I posted a few weeks ago (or longer) that my daughter would be coming to visit – since the ‘2 days and a wake up’ post, I haven’t really expanded on how things went, other than they didn’t go as expected or as I’d hoped.
A week ago, my daughter went home and I sunk into a deep depression and finally, today, I am feeling ‘up’ to talking about how things went.
My daughter is being horrifically neglected. Not in an ‘I’m over sensitive because she’s my daughter and they are adoptive parents and they will never be good enough’ kind of way…but in a ‘OH MY GOD WHAT ARE YOU DOING TO HER! HER FEET ARE DEFORMED!’ kind of way.
My daughters parents have struggled with mental illness, bad life choices, bad marriage situations and constant relocations – they are unstable. They weren’t when I placed kiddo with them, but shortly after I placed, something ‘happened’ (no, I don’t know what) and they not only feel off the rocker, the rocker is totally in the other room.
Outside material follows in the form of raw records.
lemma cox_eq_rev: "u \<simeq> v \<Longrightarrow> rev u \<simeq> rev v"
proof (induction rule: cox_eq.induct)
  case (rel s t k xs ys)
  then have "m t s = enat k" using coxeter_matrix_sym by simp
  with rel show ?case
    using cox_eq.rel[of t S s m k "rev ys" "rev xs"] by (simp add: rev_concat_replicate_pair)
qed (meson cox_eq.refl cox_eq.sym cox_eq.trans)+

lemma cox_eq_even_length: "u \<simeq> v \<Longrightarrow> even (length u) = even (length v)"
proof (induction rule: cox_eq.induct)
  case (rel s t k xs ys)
  have "length (concat (replicate k [s, t])) = 2 * k" by (induction k) auto
  then show ?case by simp
qed auto

lemma cox_len_le: "set v \<subseteq> S \<Longrightarrow> v \<simeq> w \<Longrightarrow> cox_len S m w \<le> length v"
  unfolding cox_len_def by (rule Least_le) blast

lemma reduced_word_exists:
  assumes "set w \<subseteq> S"
  obtains v where "set v \<subseteq> S" "length v = cox_len S m w" "v \<simeq> w"
proof -
  have "\<exists>v. set v \<subseteq> S \<and> length v = cox_len S m w \<and> v \<simeq> w"
    unfolding cox_len_def by (rule LeastI_ex) (use assms cox_eq.refl in blast)
  then show ?thesis using that by blast
qed

lemma cox_len_cong: "u \<simeq> v \<Longrightarrow> cox_len S m u = cox_len S m v"
  unfolding cox_len_def by (metis cox_eq.sym cox_eq.trans)

lemma cox_desc_cong: "u \<simeq> v \<Longrightarrow> cox_desc S m u = cox_desc S m v"
  unfolding cox_desc_def using cox_len_cong cox_eq_append[OF _ cox_eq.refl] by metis

lemma cox_len_snoc_neq:
  assumes "set x \<subseteq> S" and "s \<in> S"
  shows "cox_len S m (x @ [s]) \<noteq> cox_len S m x"
proof -
  obtain v where v: "set v \<subseteq> S" "length v = cox_len S m x" "v \<simeq> x"
    using reduced_word_exists assms(1) .
  obtain v' where v': "set v' \<subseteq> S" "length v' = cox_len S m (x @ [s])" "v' \<simeq> x @ [s]"
    using reduced_word_exists[of "x @ [s]"] assms by auto
  have "v' \<simeq> v @ [s]"
    using v'(3) cox_eq_append[OF v(3) cox_eq.refl] by (meson cox_eq.sym cox_eq.trans)
  then show ?thesis using cox_eq_even_length v v' by fastforce
qed

lemma ascent_snoc_descent:
  assumes "set x \<subseteq> S" and "s \<in> S" and "s \<notin> cox_desc S m x"
  shows "s \<in> cox_desc S m (x @ [s])"
proof -
  have "cox_len S m x < cox_len S m (x @ [s])"
    using assms cox_len_snoc_neq unfolding cox_desc_def by fastforce
  moreover have "cox_len S m ((x @ [s]) @ [s]) = cox_len S m x"
    using cox_len_cong[OF snoc_square_equiv] assms(2) by simp
  ultimately show ?thesis using assms(2) unfolding cox_desc_def by simp
qed

lemma cox_order_inf_imp_infinite:
  assumes "s \<in> S" and "t \<in> S" and "cox_order_inf S m s t"
  shows "m s t = \<infinity>"
proof (rule ccontr)
  assume "m s t \<noteq> \<infinity>"
  then obtain k where k: "m s t = enat k" by auto
  moreover have "1 \<le> m s t"
    using coxeter_matrix assms(1,2) unfolding coxeter_matrix_def
    by (cases "s = t") (simp, meson one_le_numeral order.trans)
  ultimately have "k \<noteq> 0" by (simp add: one_enat_def)
  moreover have "concat (replicate k [s, t]) \<simeq> []"
    using cox_eq.rel[of s S t m k "[]" "[]"] assms(1,2) k by simp
  ultimately show False using assms(3) unfolding cox_order_inf_def by blast
qed

lemma cox_eq_move_right:
  assumes "set y \<subseteq> S" and "x \<simeq> z @ y"
  shows "x @ rev y \<simeq> z"
proof -
  have "x @ rev y \<simeq> z @ (y @ rev y)"
    using cox_eq_append[OF assms(2) cox_eq.refl, of "rev y"] by simp
  then show ?thesis
    using cox_eq_append[OF cox_eq.refl append_rev_equiv_Nil[OF assms(1)], of z]
    by simp (meson cox_eq.trans)
qed

lemma commuting_conj_equiv: "s \<in> S \<Longrightarrow> t \<in> S \<Longrightarrow> m s t = 2 \<Longrightarrow> [s, t, s] \<simeq> [t]"
  using cox_eq.rel[of s S t m 2 "[]" "[]"] cox_eq_move_right[of "[t]" "[]" "[s, t, s]"]
  by (simp add: numeral_eq_enat numeral_2_eq_2) (meson cox_eq.sym)

definition cox_class :: "'a list \<Rightarrow> 'a list set" where
  "cox_class u = {v. u \<simeq> v}"

lemma cox_class_cong: "u \<simeq> v \<Longrightarrow> cox_class u = cox_class v"
  unfolding cox_class_def by (rule Collect_cong) (meson cox_eq.sym cox_eq.trans)

text \<open>Tits' reflection cocycle \<open>N(s x) = {s} \<triangle> s N(x) s\<close>; a reflection is represented by the
  set of all words equal to it in \<open>W\<close>.\<close>
fun inversions :: "'a list \<Rightarrow> 'a list set" where
  "inversions [] = {}"
| "inversions (s # x) = sym_diff (cox_class [s]) (conj_words [s] (inversions x))"

lemma inversions_singleton: "inversions [s] = cox_class [s]"
  by simp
I first noticed the issues four (maybe five?) years ago. They came to visit and things were just not as ‘great’ as I thought they should be (listen, I’ve been a single parent, with a single income – my expectations aren’t that high)…but I pushed it to the back of my head and just mustered through.
Then, when we had another visit, several years later (lots of moving, financial stuff and just bad timing kept us apart for a while) things ‘seemed’ better…
So I let it go.
Now, two weeks ago, I am standing at the airport and I see my daughter walking towards me wearing the nastiest, dirties, torn up, to small clothes I have ever seen…and her shoes were almost two sizes to small too…but I didn’t know that right then.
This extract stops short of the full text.